▶ [Information supplied]
=== Begin Enclosure ===

text \<open>A longest path cannot be extended at its first vertex, so all neighbours of that vertex
  lie on the path; a second neighbour beyond the next vertex closes a cycle.\<close>
lemma cycles_ne_if_min_degree:
  assumes "V \<noteq> {}" and deg: "\<And>v. v \<in> V \<Longrightarrow> 2 \<le> degree E v"
  shows "cycles E \<noteq> {}"
proof -
  define is_path where "is_path p \<longleftrightarrow> distinct p \<and> set p \<subseteq> V \<and> p \<noteq> [] \<and> path_edges p \<subseteq> E" for p
  obtain v where "v \<in> V" using assms(1) by blast
  then have "is_path [v]" by (simp add: is_path_def)
  moreover have "length p < Suc (card V)" if "is_path p" for p
    using that card_mono[OF finite_vertices, of "set p"] by (simp add: is_path_def distinct_card)
  ultimately obtain p where p: "is_path p" and longest: "\<And>q. is_path q \<Longrightarrow> length q \<le> length p"
    using Lattices_Big.ex_has_greatest_nat[of is_path "[v]" length] by blast
  have "hd p \<in> V" using p by (auto simp: is_path_def)
  have on_path: "w \<in> set p" if "w \<in> neighbours E (hd p)" for w
  proof (rule ccontr)
    assume "w \<notin> set p"
    then have "is_path (w # p)"
      using p that edge_vertices by (auto simp: is_path_def path_edges_Cons insert_commute)
    then show False using longest[of "w # p"] by simp
  qed
  have "2 \<le> card (neighbours E (hd p))"
    using deg[OF \<open>hd p \<in> V\<close>] by (simp add: degree_eq_card_neighbours)
  then obtain x y where "x \<in> neighbours E (hd p)" "y \<in> neighbours E (hd p)" "x \<noteq> y"
    by (rule two_elementsE)
  then obtain w where w: "w \<in> neighbours E (hd p)" "w \<noteq> p ! 1" by blast
  then obtain j where j: "j < length p" "w = p ! j" using on_path[OF w(1)] in_set_conv_nth by metis
  have "j \<noteq> 0"
  proof
    assume "j = 0"
    with w j p show False by (simp add: is_path_def hd_conv_nth)
  qed
  moreover have "j \<noteq> 1" using w j by auto
  ultimately have "2 \<le> j" by linarith
  define c where "c = take (Suc j) p"
  have c: "3 \<le> length c" "distinct c" "hd c = hd p" "last c = w"
    using j p \<open>2 \<le> j\<close> by (auto simp: c_def is_path_def hd_conv_nth last_conv_nth)
  have "cycle_edges c \<subseteq> E"
    using c w p path_edges_take_subset[of "Suc j" p]
    by (auto simp: cycle_edges_closing c_def is_path_def insert_commute)
  then show ?thesis using c cycle_edges_in_cycles by blast
qed

end

lemma card_edges_less_if_acyclic:
  assumes "simple_graph V E" "V \<noteq> {}" "cycles E = {}"
  shows "card E < card V"
  using assms
proof (induction "card V" arbitrary: V E rule: less_induct)
  case less
  interpret finite_simple_graph V E by unfold_locales (rule less.prems(1))
  obtain v where "v \<in> V" "\<not> 2 \<le> degree E v"
    using cycles_ne_if_min_degree less.prems(2,3) by blast
  then have v: "v \<in> V" "degree E v \<le> 1" by simp_all
  define E' where "E' = {e \<in> E. v \<notin> e}"
  have "E = E' \<union> {e \<in> E. v \<in> e}" "E' \<inter> {e \<in> E. v \<in> e} = {}" by (auto simp: E'_def)
  then have card_E: "card E = card E' + degree E v"
    using finite_edges card_Un_disjoint[of E' "{e \<in> E. v \<in> e}"] by (simp add: degree_def E'_def)
  show ?case
  proof (cases "V - {v} = {}")
    case True
    then have "E = {}" using v by (auto elim: edgeE)
    then show ?thesis using v by (auto simp: card_gt_0_iff finite_vertices)
  next
    case False
    have "simple_graph (V - {v}) E'"
      using less.prems(1) by (auto simp: simple_graph_def E'_def)
    moreover have "cycles E' = {}" using cycles_mono[of E' E] less.prems(3) by (auto simp: E'_def)
    moreover have "card (V - {v}) < card V" by (rule card_Diff1_less[OF finite_vertices v(1)])
    ultimately have "card E' < card (V - {v})" using less.hyps False by blast
    then show ?thesis using card_E v finite_vertices by simp
  qed
qed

=== End Enclosure ===

▶ [Activity] When you reach the line that contains "proof (rule ccontr)", stop; output it and every line before it from the start of the data, exactly as written.

▶ [Written solution]
text \<open>A longest path cannot be extended at its first vertex, so all neighbours of that vertex
  lie on the path; a second neighbour beyond the next vertex closes a cycle.\<close>
lemma cycles_ne_if_min_degree:
  assumes "V \<noteq> {}" and deg: "\<And>v. v \<in> V \<Longrightarrow> 2 \<le> degree E v"
  shows "cycles E \<noteq> {}"
proof -
  define is_path where "is_path p \<longleftrightarrow> distinct p \<and> set p \<subseteq> V \<and> p \<noteq> [] \<and> path_edges p \<subseteq> E" for p
  obtain v where "v \<in> V" using assms(1) by blast
  then have "is_path [v]" by (simp add: is_path_def)
  moreover have "length p < Suc (card V)" if "is_path p" for p
    using that card_mono[OF finite_vertices, of "set p"] by (simp add: is_path_def distinct_card)
  ultimately obtain p where p: "is_path p" and longest: "\<And>q. is_path q \<Longrightarrow> length q \<le> length p"
    using Lattices_Big.ex_has_greatest_nat[of is_path "[v]" length] by blast
  have "hd p \<in> V" using p by (auto simp: is_path_def)
  have on_path: "w \<in> set p" if "w \<in> neighbours E (hd p)" for w
  proof (rule ccontr)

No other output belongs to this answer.